NUMERICAL SIMULATION OF TWO-PHASE FLOW USING THE LEVEL SET APPROACH

In this dissertation, we present numerical schemes in simulating immiscible two-phase flow problems. The goal of this work is to find unified solutions for numerical modeling of any kind of immiscible two-phase flow with moving interface. Fluid flows are modeled using Navier Stokes equations with discontinuous coefficients. We introduce the Volume Fraction method to evaluate discontinuous integrals arise from the variational formulation in the Finite Element method. The use of Volume Fraction method avoids the approximation of the Dirac Delta function, and therefore no regularization procedures are needed. Several operator splitting variants are studied in detail in linearized and non-linearized fashion, when we want to evaluate the discontinuous coefficients.

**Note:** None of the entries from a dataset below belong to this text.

lemma of_nat_fract_eq_to_fract: "(of_nat n :: 'a::idom fract) = to_fract (of_nat n)"
  by (simp add: to_fract_def of_nat_fract)

lemma CHAR_fract [simp]: "CHAR('a::idom fract) = CHAR('a)"
  by (rule CHAR_eqI) (simp_all add: of_nat_fract_eq_to_fract of_nat_eq_0_iff_char_dvd)

(* Frobenius x \<mapsto> x^q is additive in every ring of the same characteristic as the
   field (e.g. A, K and K[[z]]), since the intermediate binomial coefficients vanish. *)
lemma frobenius_add:
  fixes x y :: "'b::comm_semiring_1"
  assumes "CHAR('b) = CHAR('a::{field,finite})"
  shows "(x + y) ^ CARD('a) = x ^ CARD('a) + y ^ CARD('a)"
proof -
  define q where "q = CARD('a)"
  have "(x + y) ^ q = (\<Sum>k\<le>q. of_nat (q choose k) * x ^ k * y ^ (q - k))"
    by (rule binomial_ring)
  also have "\<dots> = (\<Sum>k\<in>{0,q}. of_nat (q choose k) * x ^ k * y ^ (q - k))"
  proof (intro sum.mono_neutral_right ballI)
    fix k assume "k \<in> {..q} - {0, q}"
    hence "CHAR('b) dvd (q choose k)"
      using CHAR_dvd_card_choose[of k, where 'a='a] assms by (auto simp: q_def)
    thus "of_nat (q choose k) * x ^ k * y ^ (q - k) = 0"
      by (simp add: of_nat_eq_0_iff_char_dvd[symmetric])
  qed auto
  finally show ?thesis
    using card_field_ge_2[where 'a='a] by (simp add: q_def add_ac)
qed

lemma frobenius_diff:
  fixes x y :: "'b::comm_ring_1"
  assumes "CHAR('b) = CHAR('a::{field,finite})"
  shows "(x - y) ^ CARD('a) = x ^ CARD('a) - y ^ CARD('a)"
  using frobenius_add[OF assms, of "x - y" y] by (simp add: algebra_simps)

lemma frobenius_power_diff:
  fixes x y :: "'b::comm_ring_1"
  assumes "CHAR('b) = CHAR('a::{field,finite})"
  shows "(x - y) ^ (CARD('a) ^ j) = x ^ (CARD('a) ^ j) - y ^ (CARD('a) ^ j)"
  by (induction j) (simp_all add: power_mult frobenius_diff[OF assms] mult.commute[of "CARD('a)"])

lemma frobenius_sum:
  fixes f :: "'c \<Rightarrow> 'b::comm_semiring_1"
  assumes "CHAR('b) = CHAR('a::{field,finite})"
  shows "sum f A ^ CARD('a) = (\<Sum>i\<in>A. f i ^ CARD('a))"
  using card_field_ge_2[where 'a='a]
  by (induction A rule: infinite_finite_induct) (auto simp: frobenius_add[OF assms] power_0_left)

definition polys_below :: "nat \<Rightarrow> 'a::zero poly set" where
  "polys_below j = {p. \<forall>i\<ge>j. coeff p i = 0}"

lemma polys_below_0: "polys_below 0 = {0}"
  by (auto simp: polys_below_def poly_eq_iff)

lemma polys_below_Suc:
  "polys_below (Suc j) = (\<lambda>(v, c). v + monom c j) ` (polys_below j \<times> (UNIV :: 'a::comm_ring_1 set))"
proof (intro equalityI subsetI)
  fix p :: "'a poly" assume p: "p \<in> polys_below (Suc j)"
  have "p - monom (coeff p j) j \<in> polys_below j"
    using p by (auto simp: polys_below_def coeff_monom)
  thus "p \<in> (\<lambda>(v, c). v + monom c j) ` (polys_below j \<times> UNIV)"
    by (intro image_eqI[of _ _ "(p - monom (coeff p j) j, coeff p j)"]) auto
qed (auto simp: polys_below_def coeff_monom)

lemma inj_on_polys_below_Suc:
  "inj_on (\<lambda>(v, c). v + monom c j) (polys_below j \<times> (UNIV :: 'a::comm_ring_1 set))"
proof (rule inj_onI, clarsimp)
  fix v v' :: "'a poly" and c c'
  assume v: "v \<in> polys_below j" "v' \<in> polys_below j" and eq: "v + monom c j = v' + monom c' j"
  have "coeff (v + monom c j) j = coeff (v' + monom c' j) j" by (simp only: eq)
  hence "c = c'" using v by (simp add: polys_below_def)
  with eq show "v = v' \<and> c = c'" by simp
qed

lemma finite_polys_below: "finite (polys_below j :: 'a::{comm_ring_1,finite} poly set)"
  by (induction j) (simp_all add: polys_below_0 polys_below_Suc)

lemma monic_polys_eq:
  "{p::'a::field poly. lead_coeff p = 1 \<and> degree p = i} = (\<lambda>v. monom 1 i + v) ` polys_below i"
proof (intro equalityI subsetI)
  fix p :: "'a poly" assume "p \<in> {p. lead_coeff p = 1 \<and> degree p = i}"
  hence "p - monom 1 i \<in> polys_below i"
    by (auto simp: polys_below_def coeff_monom coeff_eq_0)
  thus "p \<in> (\<lambda>v. monom 1 i + v) ` polys_below i"
    by (intro image_eqI[of _ _ "p - monom 1 i"]) auto
next
  fix p :: "'a poly" assume "p \<in> (\<lambda>v. monom 1 i + v) ` polys_below i"
  then obtain v where v: "v \<in> polys_below i" and p: "p = monom 1 i + v" by auto
  have ci: "coeff p i = 1" using v by (simp add: p polys_below_def)
  have "degree p \<le> i" using v by (intro degree_le) (auto simp: p polys_below_def coeff_monom)
  moreover have "i \<le> degree p" using ci by (intro le_degree) auto
  ultimately show "p \<in> {p. lead_coeff p = 1 \<and> degree p = i}" using ci by simp
qed

(* Product over the F_q-multiples of a: \<Prod>_c (y - c a) = y^q - a^(q-1) y.
   Both sides are monic of degree q in y and vanish at the q points c a. *)
lemma prod_translates:
  fixes y a :: "'a::{field,finite} poly"
  shows "(\<Prod>c\<in>UNIV. y - smult c a) = y ^ CARD('a) - a ^ (CARD('a) - 1) * y"
proof (cases "a = 0")
  case True
  thus ?thesis using card_field_ge_2[where 'a='a] by simp
next
  case False
  define q where "q = CARD('a)"
  have q2: "q \<ge> 2" using card_field_ge_2[where 'a='a] by (simp add: q_def)
  define P1 :: "'a poly poly" where "P1 = (\<Prod>c\<in>UNIV. [:- smult c a, 1:])"
  define P2 :: "'a poly poly" where "P2 = monom 1 q - [:0, a ^ (q - 1):]"
  have inj: "inj (\<lambda>c::'a. smult c a)"
    using False by (intro injI) (metis diff_eq_eq smult_diff_left smult_eq_0_iff add_0)
  have "P1 = P2"
  proof (rule poly_eqI_degree_lead_coeff[where n=q and A="range (\<lambda>c. smult c a)"])
    have "degree P1 = q"
      unfolding P1_def by (subst degree_prod_eq_sum_degree) (auto simp: q_def)
    moreover have "lead_coeff P1 = 1"
      unfolding P1_def by (simp add: lead_coeff_prod)
    moreover obtain k where "q = Suc (Suc k)" using q2 by (metis add_2_eq_Suc le_Suc_ex)
    ultimately show "coeff P1 q = coeff P2 q" "degree P1 \<le> q"
      by (simp_all add: P2_def)
    show "q \<le> card (range (\<lambda>c. smult c a))"
      using inj by (simp add: card_image q_def)
    show "degree P2 \<le> q" unfolding P2_def
      by (rule order.trans[OF degree_diff_le_max]) (use q2 in \<open>auto simp: degree_monom_le\<close>)
    fix z assume "z \<in> range (\<lambda>c. smult c a)"
    then obtain c where z: "z = smult c a" by auto
    have "poly P1 z = 0"
      unfolding P1_def poly_prod by (subst prod_zero_iff) (auto simp: z)
    moreover have "a ^ (q - 1) * z = z ^ q"
      using q2 by (simp add: z smult_power q_def power_card_eq mult_smult_right
                    flip: power_Suc2)
    hence "poly P2 z = 0" by (simp add: P2_def poly_monom mult.commute)
    ultimately show "poly P1 z = poly P2 z" by simp
  qed
  hence "poly P1 y = poly P2 y" by simp
  thus ?thesis by (simp add: P1_def P2_def poly_prod poly_monom q_def)
qed

(* psi j is the F_q-linear polynomial function with zero set V_j (see prod_polys_below);
   its recursion is the classical one for \<Prod>_{v \<in> V_j} (x - v). *)
fun psi :: "nat \<Rightarrow> 'a::{field,finite} poly \<Rightarrow> 'a poly" where
  "psi 0 x = x"
| "psi (Suc j) x = psi j x ^ CARD('a) - psi j (monom 1 j) ^ (CARD('a) - 1) * psi j x"

(* psi j is F_q-linear: additive by Frobenius, homogeneous since c^q = c for c \<in> F_q. *)
lemma psi_add: "psi j (x + y) = psi j x + psi j y"
  by (induction j arbitrary: x y) (simp_all add: frobenius_add algebra_simps)

lemma psi_smult: "psi j (smult c x) = smult c (psi j x)"
  by (induction j arbitrary: x)
     (simp_all add: smult_power power_card_eq mult_smult_right smult_diff_right)

lemma psi_diff: "psi j (x - y) = psi j x - psi j y"
  using psi_add[of j x "-y"] psi_smult[of j "-1" y] by simp

(* psi j x = \<Prod>_{v \<in> V_j} (x - v): group V_{j+1} into the cosets v + V_j,
   v \<in> F_q \<theta>^j, and use F_q-linearity of psi j together with prod_translates. *)
lemma prod_polys_below: "(\<Prod>v\<in>polys_below j. x - v) = psi j x"
proof (induction j arbitrary: x)
  case 0
  show ?case by (simp add: polys_below_0)
next
  case (Suc j)
  have "(\<Prod>v\<in>polys_below (Suc j). x - v) = (\<Prod>(v, c)\<in>polys_below j \<times> UNIV. x - (v + monom c j))"
    unfolding polys_below_Suc by (subst prod.reindex[OF inj_on_polys_below_Suc]) (simp add: case_prod_beta)
  also have "\<dots> = (\<Prod>c\<in>UNIV. \<Prod>v\<in>polys_below j. (x - monom c j) - v)"
    by (subst prod.swap) (simp add: prod.cartesian_product algebra_simps)
  also have "\<dots> = (\<Prod>c\<in>UNIV. psi j x - smult c (psi j (monom 1 j)))"
    by (simp add: Suc psi_diff smult_monom flip: psi_smult)
  also have "\<dots> = psi (Suc j) x"
    by (simp add: prod_translates)
  finally show ?case .
qed

lemma psi_polys_below: "v \<in> polys_below j \<Longrightarrow> psi j v = 0"
  by (subst prod_polys_below[symmetric]) (auto simp: finite_polys_below)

Interface is captured using the Level Set approach, where a transport equation is solved numerically with fourth order scheme without any stabilization terms. The surface tension effect is implemented in a semi-implicit way, thus larger time steps can be used compared with the explicit method. A recent, well-developed re-initialization technique is included as a way to preserve the signed distance property of the Level Set function. All mentioned numerical methods are used to build two-dimensional solvers. Solvers have been tested both with single-phase flow and two-phase flow benchmark problems. In particular, the bubble dynamics are presented to validate stated numerical schemes.